• _Activity_: When you find the line with "lemma (in vec_space)" among the records below, reproduce it and each line after it exactly, ending with the line with "obtain S where".

Collected data entries
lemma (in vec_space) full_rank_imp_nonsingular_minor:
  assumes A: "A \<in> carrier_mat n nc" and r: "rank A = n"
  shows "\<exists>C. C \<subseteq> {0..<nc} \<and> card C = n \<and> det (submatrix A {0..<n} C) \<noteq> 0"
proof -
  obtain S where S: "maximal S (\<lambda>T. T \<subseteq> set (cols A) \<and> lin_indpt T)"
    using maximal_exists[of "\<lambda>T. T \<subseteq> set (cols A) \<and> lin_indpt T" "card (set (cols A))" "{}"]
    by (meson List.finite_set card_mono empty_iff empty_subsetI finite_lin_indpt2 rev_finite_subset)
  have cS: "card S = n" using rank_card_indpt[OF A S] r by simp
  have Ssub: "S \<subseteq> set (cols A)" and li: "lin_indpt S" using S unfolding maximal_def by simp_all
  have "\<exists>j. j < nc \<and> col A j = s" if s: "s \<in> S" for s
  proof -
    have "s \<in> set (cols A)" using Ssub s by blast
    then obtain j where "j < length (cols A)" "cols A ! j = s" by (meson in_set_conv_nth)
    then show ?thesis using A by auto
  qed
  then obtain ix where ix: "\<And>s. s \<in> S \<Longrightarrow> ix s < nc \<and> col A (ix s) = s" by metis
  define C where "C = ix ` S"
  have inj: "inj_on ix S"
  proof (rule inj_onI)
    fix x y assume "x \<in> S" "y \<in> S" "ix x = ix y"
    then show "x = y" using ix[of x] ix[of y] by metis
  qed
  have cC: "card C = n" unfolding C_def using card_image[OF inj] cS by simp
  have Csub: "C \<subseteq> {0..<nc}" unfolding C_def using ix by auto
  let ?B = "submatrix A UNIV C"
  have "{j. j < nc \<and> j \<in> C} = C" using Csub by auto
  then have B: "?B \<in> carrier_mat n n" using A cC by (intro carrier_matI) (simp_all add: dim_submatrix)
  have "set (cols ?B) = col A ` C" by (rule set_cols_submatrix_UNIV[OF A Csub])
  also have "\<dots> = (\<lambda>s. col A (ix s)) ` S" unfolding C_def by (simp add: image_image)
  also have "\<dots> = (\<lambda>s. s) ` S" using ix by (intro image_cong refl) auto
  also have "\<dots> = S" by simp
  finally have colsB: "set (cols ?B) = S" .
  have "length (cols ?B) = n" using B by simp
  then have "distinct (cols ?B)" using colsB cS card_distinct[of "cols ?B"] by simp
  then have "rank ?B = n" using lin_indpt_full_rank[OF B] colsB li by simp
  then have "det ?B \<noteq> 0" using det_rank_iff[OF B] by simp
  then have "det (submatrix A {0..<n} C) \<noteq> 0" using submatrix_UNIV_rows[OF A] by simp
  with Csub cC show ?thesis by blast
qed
==
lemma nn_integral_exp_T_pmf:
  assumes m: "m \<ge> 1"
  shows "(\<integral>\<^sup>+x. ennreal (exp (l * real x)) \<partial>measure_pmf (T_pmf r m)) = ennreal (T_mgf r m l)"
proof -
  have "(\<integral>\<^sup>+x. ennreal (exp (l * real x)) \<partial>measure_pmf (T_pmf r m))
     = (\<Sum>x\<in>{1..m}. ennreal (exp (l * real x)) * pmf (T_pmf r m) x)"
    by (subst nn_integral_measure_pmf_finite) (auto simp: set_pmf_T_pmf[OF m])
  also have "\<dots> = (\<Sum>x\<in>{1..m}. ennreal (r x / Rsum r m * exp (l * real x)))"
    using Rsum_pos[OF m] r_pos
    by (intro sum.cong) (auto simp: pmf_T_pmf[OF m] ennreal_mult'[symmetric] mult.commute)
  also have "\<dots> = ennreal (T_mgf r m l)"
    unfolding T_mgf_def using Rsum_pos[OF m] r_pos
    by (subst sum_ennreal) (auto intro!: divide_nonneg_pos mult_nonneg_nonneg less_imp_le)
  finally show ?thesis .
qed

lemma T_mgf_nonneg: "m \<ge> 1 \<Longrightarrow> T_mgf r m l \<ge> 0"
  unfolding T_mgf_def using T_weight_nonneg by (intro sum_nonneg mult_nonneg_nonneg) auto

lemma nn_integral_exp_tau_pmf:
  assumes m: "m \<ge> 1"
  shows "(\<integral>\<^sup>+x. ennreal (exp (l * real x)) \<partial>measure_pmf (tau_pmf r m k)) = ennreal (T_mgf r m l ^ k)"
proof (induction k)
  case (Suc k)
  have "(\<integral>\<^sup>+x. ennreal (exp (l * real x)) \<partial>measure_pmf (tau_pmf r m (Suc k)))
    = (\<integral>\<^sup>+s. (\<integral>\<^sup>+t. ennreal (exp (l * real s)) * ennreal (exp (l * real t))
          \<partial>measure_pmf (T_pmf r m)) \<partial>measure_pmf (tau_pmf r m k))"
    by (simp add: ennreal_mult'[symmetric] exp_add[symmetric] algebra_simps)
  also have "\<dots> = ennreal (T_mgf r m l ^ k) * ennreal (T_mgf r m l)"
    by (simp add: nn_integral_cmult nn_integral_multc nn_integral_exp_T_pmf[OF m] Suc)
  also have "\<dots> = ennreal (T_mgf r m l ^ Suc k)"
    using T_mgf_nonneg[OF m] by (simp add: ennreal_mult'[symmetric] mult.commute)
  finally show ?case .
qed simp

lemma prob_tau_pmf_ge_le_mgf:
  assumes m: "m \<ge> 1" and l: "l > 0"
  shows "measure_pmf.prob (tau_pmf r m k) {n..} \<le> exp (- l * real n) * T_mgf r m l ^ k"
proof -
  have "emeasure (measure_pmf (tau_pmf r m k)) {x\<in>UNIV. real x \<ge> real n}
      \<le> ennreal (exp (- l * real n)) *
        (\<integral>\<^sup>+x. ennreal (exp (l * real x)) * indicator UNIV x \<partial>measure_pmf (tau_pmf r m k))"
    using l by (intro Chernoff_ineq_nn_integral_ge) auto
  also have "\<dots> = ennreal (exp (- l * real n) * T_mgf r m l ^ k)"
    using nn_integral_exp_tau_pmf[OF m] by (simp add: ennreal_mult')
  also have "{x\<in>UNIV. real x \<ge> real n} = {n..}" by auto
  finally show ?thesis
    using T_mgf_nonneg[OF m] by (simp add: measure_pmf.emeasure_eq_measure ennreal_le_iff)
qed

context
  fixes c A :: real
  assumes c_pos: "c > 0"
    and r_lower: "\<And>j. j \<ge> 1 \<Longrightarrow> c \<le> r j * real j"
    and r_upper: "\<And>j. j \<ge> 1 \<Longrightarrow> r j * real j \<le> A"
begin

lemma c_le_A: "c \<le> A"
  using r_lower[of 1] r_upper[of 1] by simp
* * *
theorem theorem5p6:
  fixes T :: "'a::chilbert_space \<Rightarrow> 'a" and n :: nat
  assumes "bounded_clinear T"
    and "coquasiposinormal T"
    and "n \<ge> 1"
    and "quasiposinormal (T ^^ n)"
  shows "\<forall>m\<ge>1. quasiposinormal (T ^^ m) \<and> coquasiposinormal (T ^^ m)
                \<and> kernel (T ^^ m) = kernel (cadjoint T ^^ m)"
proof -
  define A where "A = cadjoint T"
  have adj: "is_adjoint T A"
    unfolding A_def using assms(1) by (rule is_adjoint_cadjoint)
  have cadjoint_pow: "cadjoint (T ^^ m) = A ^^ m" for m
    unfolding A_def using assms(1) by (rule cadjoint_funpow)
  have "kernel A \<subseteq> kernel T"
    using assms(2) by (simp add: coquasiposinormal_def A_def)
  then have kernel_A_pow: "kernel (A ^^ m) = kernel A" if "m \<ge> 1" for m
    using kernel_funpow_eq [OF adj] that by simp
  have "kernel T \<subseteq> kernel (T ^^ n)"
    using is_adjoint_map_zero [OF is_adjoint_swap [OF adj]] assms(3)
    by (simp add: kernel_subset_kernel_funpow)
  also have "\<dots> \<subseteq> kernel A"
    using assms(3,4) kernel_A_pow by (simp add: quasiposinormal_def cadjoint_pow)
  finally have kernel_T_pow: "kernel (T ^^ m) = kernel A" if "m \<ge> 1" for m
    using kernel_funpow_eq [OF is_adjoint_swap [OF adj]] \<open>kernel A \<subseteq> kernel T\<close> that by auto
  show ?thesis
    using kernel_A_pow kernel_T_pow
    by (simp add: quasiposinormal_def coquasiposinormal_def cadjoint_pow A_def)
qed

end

• _Exercise output_:
lemma (in vec_space) full_rank_imp_nonsingular_minor:
  assumes A: "A \<in> carrier_mat n nc" and r: "rank A = n"
  shows "\<exists>C. C \<subseteq> {0..<nc} \<and> card C = n \<and> det (submatrix A {0..<n} C) \<noteq> 0"
proof -
  obtain S where S: "maximal S (\<lambda>T. T \<subseteq> set (cols A) \<and> lin_indpt T)"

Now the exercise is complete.